This is something that needs a nation wide resolution. Cities can’t deal with
this...

We do need mental health facilities and subsidized homes for the chronic
homeless in cities where cost of living is less.

I might be a little biased saying this but I see the future in orchards and
small urban gardens that is mostly automated. I don’t mean factory farms and
row crops that are thousands of acres.

It is not so much that they can be used for labour but to give them a purpose
and really low skilled jobs. Not bending and picking strawberries in
California..but maybe picking strawberries in an indoor covered greenhouse
farm in the mid west.

The rehab centers and mental facilities can partner up with semi automated
farms. I say local farms and orchards because that’s all I know and i can’t
think beyond growing food. I am sure there are other low impact/low skill/low
stress jobs in other areas out there that isn’t challenging to people who need
a purpose but still can’t be fully functional productive members of the work
force.

I saw a documentary recently called Seattle is dying. While outwardly, it
seemed to be about the homeless, it is really about substance abuse and mental
illness(sometimes they go hand in hand) and criminal activities related to
drugs.

I don’t understand how asking people who are not capable of making sound
lifestyle choices to manage their lives in high cost tier 1 cities like
Seattle and San Francisco with subsidized housing really helping them? Even
normal people with a job can’t find affordable housing in the Bay Area.

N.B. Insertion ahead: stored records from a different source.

(* Let $K\ge2$, let $\mathbf{p}$ be a probability vector on $[K]$ with all $p_k>0$, let $\mathbf{W}$ be a $K\times K$ invertible row-stochastic matrix, and let $\hat{\mathbf{p}}_n$, $\check{\mathbf{p}}_n$ be as in the context. For a positive integer $\rho$ and $k\in[K]$ define $\hat\mu^{(\rho)}_{n,k}=n^\rho\mathbb{E}[(\hat p_{n,k}-p_k)^\rho]$ and $\check\mu^{(\rho)}_{n,k}=n^\rho\mathbb{E}[(\check p_{n,k}-p_k)^\rho]$. Then there is a constant $C>0$ (not depending on $n$) such that for all $n$, $$\big|\hat\mu^{(\rho)}_{n,k}-\check\mu^{(\rho)}_{n,k}\big|\le C\,n^\rho e^{-nD(\partial\mathbb{P}\mathbf{W}\Vert\mathbf{p}\mathbf{W})}.$$
   Context: Setting: $X_1,\dots,X_n$ i.i.d. with law $\mathbf{p}$; each passed independently through $\mathbf{W}$ ($\Pr\{Y_i=\ell\mid X_i=k\}=W_{k,\ell}$), giving $\mathbf{y}_n$ with empirical distribution $\mathbf{t}(\mathbf{y}_n)$; $\check{\mathbf{p}}_n=\mathbf{t}(\mathbf{y}_n)\mathbf{W}^{-1}$ and $\hat{\mathbf{p}}_n=\mathrm{Proj}_{\mathbb{P}}(\check{\mathbf{p}}_n)$, where $\mathrm{Proj}_{\mathbb{P}}$ is a fixed map from vectors with entries summing to one into the probability simplex $\mathbb{P}$ with $\mathrm{Proj}_{\mathbb{P}}(\mathbf{v})=\mathbf{v}$ on $\mathbb{P}$. $\partial\mathbb{P}=\{\mathbf{r}\in\mathbb{P}:r_i=0\text{ for some }i\}$ and $D(\partial\mathbb{P}\mathbf{W}\Vert\mathbf{p}\mathbf{W})=\inf_{\mathbf{r}\in\partial\mathbb{P}}D(\mathbf{r}\mathbf{W}\Vert\mathbf{p}\mathbf{W})$ with $D$ the Kullback–Leibler divergence. *)

theory Defs
  imports "HOL-Analysis.Analysis"
begin

definition prob_simplex :: "(real^'k::finite) set" where
  "prob_simplex = {r. (\<forall>i. r$i \<ge> 0) \<and> sum (\<lambda>i. r$i) UNIV = 1}"

definition prob_simplex_boundary :: "(real^'k::finite) set" where
  "prob_simplex_boundary = {r \<in> prob_simplex. \<exists>i. r$i = 0}"

definition row_stochastic :: "real^'k^'k::finite \<Rightarrow> bool" where
  "row_stochastic W \<longleftrightarrow> (\<forall>i j. W$i$j \<ge> 0) \<and> (\<forall>i. sum (\<lambda>j. W$i$j) UNIV = 1)"

definition KL :: "real^'k::finite \<Rightarrow> real^'k \<Rightarrow> real" where
  "KL q s = (\<Sum>l\<in>UNIV. if q$l = 0 then 0 else q$l * ln (q$l / s$l))"

definition D_boundary :: "real^'k::finite \<Rightarrow> real^'k^'k \<Rightarrow> real" where
  "D_boundary p W = (INF r\<in>prob_simplex_boundary. KL (r v* W) (p v* W))"

text \<open>Empirical distribution (type) of the output sequence y_1..y_n (indices 0..n-1).\<close>
definition emp_dist :: "nat \<Rightarrow> (nat \<Rightarrow> 'k::finite) \<Rightarrow> real^'k" where
  "emp_dist n y = (\<chi> l. real (card {i. i < n \<and> y i = l}) / real n)"

text \<open>Expectation of a functional g of the output sequence, where X_1..X_n are i.i.d. with
  law p and each Y_i is obtained from X_i through the channel W independently.\<close>
definition expect_out :: "real^'k::finite \<Rightarrow> real^'k^'k \<Rightarrow> nat \<Rightarrow> ((nat \<Rightarrow> 'k) \<Rightarrow> real) \<Rightarrow> real" where
  "expect_out p W n g =
     (\<Sum>x\<in>PiE {..<n} (\<lambda>_. UNIV). \<Sum>y\<in>PiE {..<n} (\<lambda>_. UNIV).
        (\<Prod>i<n. p$(x i) * W$(x i)$(y i)) * g y)"

definition check_est :: "real^'k^'k \<Rightarrow> nat \<Rightarrow> (nat \<Rightarrow> 'k::finite) \<Rightarrow> real^'k" where
  "check_est W n y = emp_dist n y v* matrix_inv W"

end

theory Submission
  imports Defs
begin

(* Where check p_n lies in the simplex the projection is the identity; elsewhere both k-th
   coordinates are bounded, so the two moments differ by at most a constant times the probability
   that check p_n leaves the simplex.  As check p_n sums to one, this needs a negative coordinate
   check p_(n,i) = (1/n) sum_j M(y_j, i), M = W^-1: an average of i.i.d. terms with mean p_i > 0
   falling below zero.  Chernoff's bound, at the t for which the exponential tilt s of the output
   law pW gives M(., i) mean zero, bounds this probability by Z^n with
   Z = E exp (- t M(Y, i)) = exp (- D(s || pW)).  Finally q = s W^-1 sums to one and has q_i = 0;
   mixing q with p reaches the boundary of the simplex without increasing D(qW || pW) = D(s || pW),
   by convexity of D, so Z <= exp (- D(boundary W || pW)). *)

section \<open>Kullback-Leibler divergence\<close>

definition kl_term :: "real \<Rightarrow> real \<Rightarrow> real" where
  "kl_term x c = (if x = 0 then 0 else x * ln (x / c))"

lemma mult_ln_div_tangent_le:
  fixes u v c :: real
  assumes "u > 0" "v > 0" "c > 0"
  shows "v * ln (v / c) + (ln (v / c) + 1) * (u - v) \<le> u * ln (u / c)"
proof -
  have "ln (v / u) \<le> v / u - 1"
    using assms by (intro ln_le_minus_one) simp
  hence "u * ln (v / u) \<le> v - u"
    using assms mult_left_mono[of "ln (v / u)" "v / u - 1" u] by (simp add: field_simps)
  thus ?thesis
    using assms by (simp add: ln_div algebra_simps)
qed

lemma kl_term_ge_diff:
  fixes x c :: real
  assumes "c > 0" "x \<ge> 0"
  shows "x - c \<le> kl_term x c"
  using assms mult_ln_div_tangent_le[of x c c] by (cases "x = 0") (auto simp: kl_term_def)
(* Let $\gamma\colon P\to Q$ be a flat Kummer homomorphism of quasi-fine and sharp commutative monoids, and let $A=Q/P$ with quotient map $m\colon Q\to A$. Then there exist canonical monoid homomorphisms $P_A\to P$ and $Q_A\to Q$ such that the diagram formed by $P_A\to P$, $Q_A\to Q$, $\gamma_A\colon P_A\to Q_A$, $\gamma\colon P\to Q$, the projection $Q_A\to A$, $(p,\lambda)\mapsto\lambda$, and $m\colon Q\to A$ commutes.
   Context: A monoid is sharp if $0$ is its only unit, quasi-fine if finitely generated and quasi-integral ($p+q=p\Rightarrow q=0$). $\gamma$ is Kummer if injective with every element of $Q$ having a positive multiple in $\gamma(P)$; flat if (integral) whenever $\gamma(p_1)+q_1=\gamma(p_2)+q_2$ there exist $q'\in Q$, $p_1',p_2'\in P$ with $q_i=\gamma(p_i')+q'$, $p_1+p_1'=p_2+p_2'$, and (additionally) whenever $\gamma(p_1)+q=\gamma(p_2)+q$ there exist $q'\in Q$, $p'\in P$ with $q=\gamma(p')+q'$, $p_1+p'=p_2+p'$. $A=Q/P$ is the cokernel, a finite abelian group. For an abelian group $A$, $P_A$ is the free commutative monoid on symbols $e_{\lambda,\lambda'}$ ($\lambda,\lambda'\in A$) modulo the congruence generated by $e_{\lambda,\lambda'}\sim e_{\lambda',\lambda}$, $e_{0,\lambda}\sim0$, $e_{\lambda,\lambda'}+e_{\lambda+\lambda',\lambda''}\sim e_{\lambda',\lambda''}+e_{\lambda'+\lambda'',\lambda}$; $Q_A$ is the set $P_A\times A$ with $(p,\lambda)+(p',\lambda')=(p+p'+e_{\lambda,\lambda'},\lambda+\lambda')$; $\gamma_A(p)=(p,0)$. *)

theory Defs
  imports "HOL-Library.Multiset"
begin
text \<open>Convention a/0 = +infinity inside min{D, a/b}.\<close>
definition min_div :: "real \<Rightarrow> real \<Rightarrow> real \<Rightarrow> real" where
  "min_div D a b = (if b = 0 then D else min D (a / b))"

text \<open>Model function phi(u,Delta;d) and psi(u,Delta).  Jy, Ju are the partial gradients of J.\<close>
definition model_phi ::
  "(real^'n \<Rightarrow> real \<Rightarrow> (real^'n^'m) set) \<Rightarrow> (real^'n \<Rightarrow> real^'m)
   \<Rightarrow> ((real^'m) \<times> (real^'n) \<Rightarrow> real^'m) \<Rightarrow> ((real^'m) \<times> (real^'n) \<Rightarrow> real^'n)
   \<Rightarrow> real^'n \<Rightarrow> real \<Rightarrow> real^'n \<Rightarrow> real" where
  "model_phi Gs S Jy Ju u D d =
     (SUP G\<in>Gs u D. (transpose G *v Jy (S u, u) + Ju (S u, u)) \<bullet> d)"

definition model_psi ::
  "(real^'n \<Rightarrow> real \<Rightarrow> (real^'n^'m) set) \<Rightarrow> (real^'n \<Rightarrow> real^'m)
   \<Rightarrow> ((real^'m) \<times> (real^'n) \<Rightarrow> real^'m) \<Rightarrow> ((real^'m) \<times> (real^'n) \<Rightarrow> real^'n)
   \<Rightarrow> real^'n \<Rightarrow> real \<Rightarrow> real" where
  "model_psi Gs S Jy Ju u D = - (INF h\<in>cball 0 1. model_phi Gs S Jy Ju u D h)"

end

theory Submission
  imports Defs
begin

text \<open>
  Suppose an accumulation point \<open>ubar\<close> of the iterates were not C-stationary. Then some unit
  direction \<open>h\<close> has slope at most \<open>-c < 0\<close> for every Bouligand Jacobian at \<open>ubar\<close>, and by (G2)
  and continuity of \<open>\<nabla>J\<close> the model decrease \<open>\<psi>(x, \<Delta>)\<close> stays above \<open>c/2\<close> for all \<open>x\<close> near
  \<open>ubar\<close> and all small \<open>\<Delta>\<close>. On the other hand, by (G1), (D) and a one-sided mean value argument,
  \<open>\<phi>(x, \<Delta>; \<cdot>)\<close> overestimates the actual change of \<open>f\<close> up to an arbitrarily small multiple of
  the step length. Hence every step near \<open>ubar\<close> with a small radius is successful, so along a
  subsequence approaching \<open>ubar\<close> we find successful steps with radii bounded below. Each of them
  decreases \<open>f\<close> by an amount that is bounded below in terms of \<open>\<parallel>g\<^sub>k\<parallel>\<close>; since \<open>f(u\<^sub>k)\<close>
  converges, these subgradients tend to \<open>0\<close>, and the closed graph of the Clarke subdifferential
  yields \<open>0 \<in> \<partial>f(ubar)\<close>.
\<close>

subsection \<open>The Clarke directional derivative\<close>

lemma Limsup_ge_sequence:
  fixes g :: "'a \<Rightarrow> ereal"
  assumes X: "filterlim X F sequentially" and a: "\<And>j. ereal (a j) \<le> g (X j)" and ac: "a \<longlonglongrightarrow> c"
  shows "ereal c \<le> Limsup F g"
proof (rule Limsup_greatest)
  fix P assume "eventually P F"
  then have "eventually (\<lambda>j. P (X j)) sequentially" using X by (simp add: filterlim_iff)
  then have "eventually (\<lambda>j. ereal (a j) \<le> (SUP x\<in>Collect P. g x)) sequentially"
    by eventually_elim (metis a SUP_upper mem_Collect_eq order_trans)
  moreover have "(\<lambda>j. ereal (a j)) \<longlonglongrightarrow> ereal c" using ac by simp
  ultimately show "ereal c \<le> (SUP x\<in>Collect P. g x)"
    by (intro tendsto_le[OF trivial_limit_sequentially tendsto_const]) auto
qed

Our farmland is owned by companies from other counties like Saudi Arabia and
China. Why can’t California or Seattle or Utah simply buy land in the cheapest
parts of the USA and run facilities there to give people a resting and healing
place? You can house a lot more people in a less stressful and cheaper place
if it’s about drug rehab or mental health treatment. Of course, they need
oversight. It’s not like it would be run like a private prison..I am aware of
how bad some of them are..

In a lot of cases, it’s the stress of urban life and inability to cope with
work/money/emotions that make people resort to drugs or a mental breakdown.
They don’t need to be in the same pressure cooker environment.

In my Bay Area town, they are looking to set up a navigation center for 45
beds where they’d be there for 6 months. It would cost 2-3 million a year.
Approximate number of homeless is 600-1800(because they are being shuttled
around the Bay Area through the Bart system..so it differs from day to
day..the city inflates numbers at highest to get more funding). 45 is nothing
when you consider that the lowest estimate is 600.

What will 2 million a year get for us in the cheapest part of the country?
Nevada bussed people from their mental institutions to California. How much
land would 2 million dollars get in Nevada? If California would give Nevada
that money it would save California hundreds of millions of dollars.

This fiscal year, San Francisco spent $70 million dollars just to clean the
streets of feces and needles and vomit. Just for street cleaning. In one year.

The situation is insane.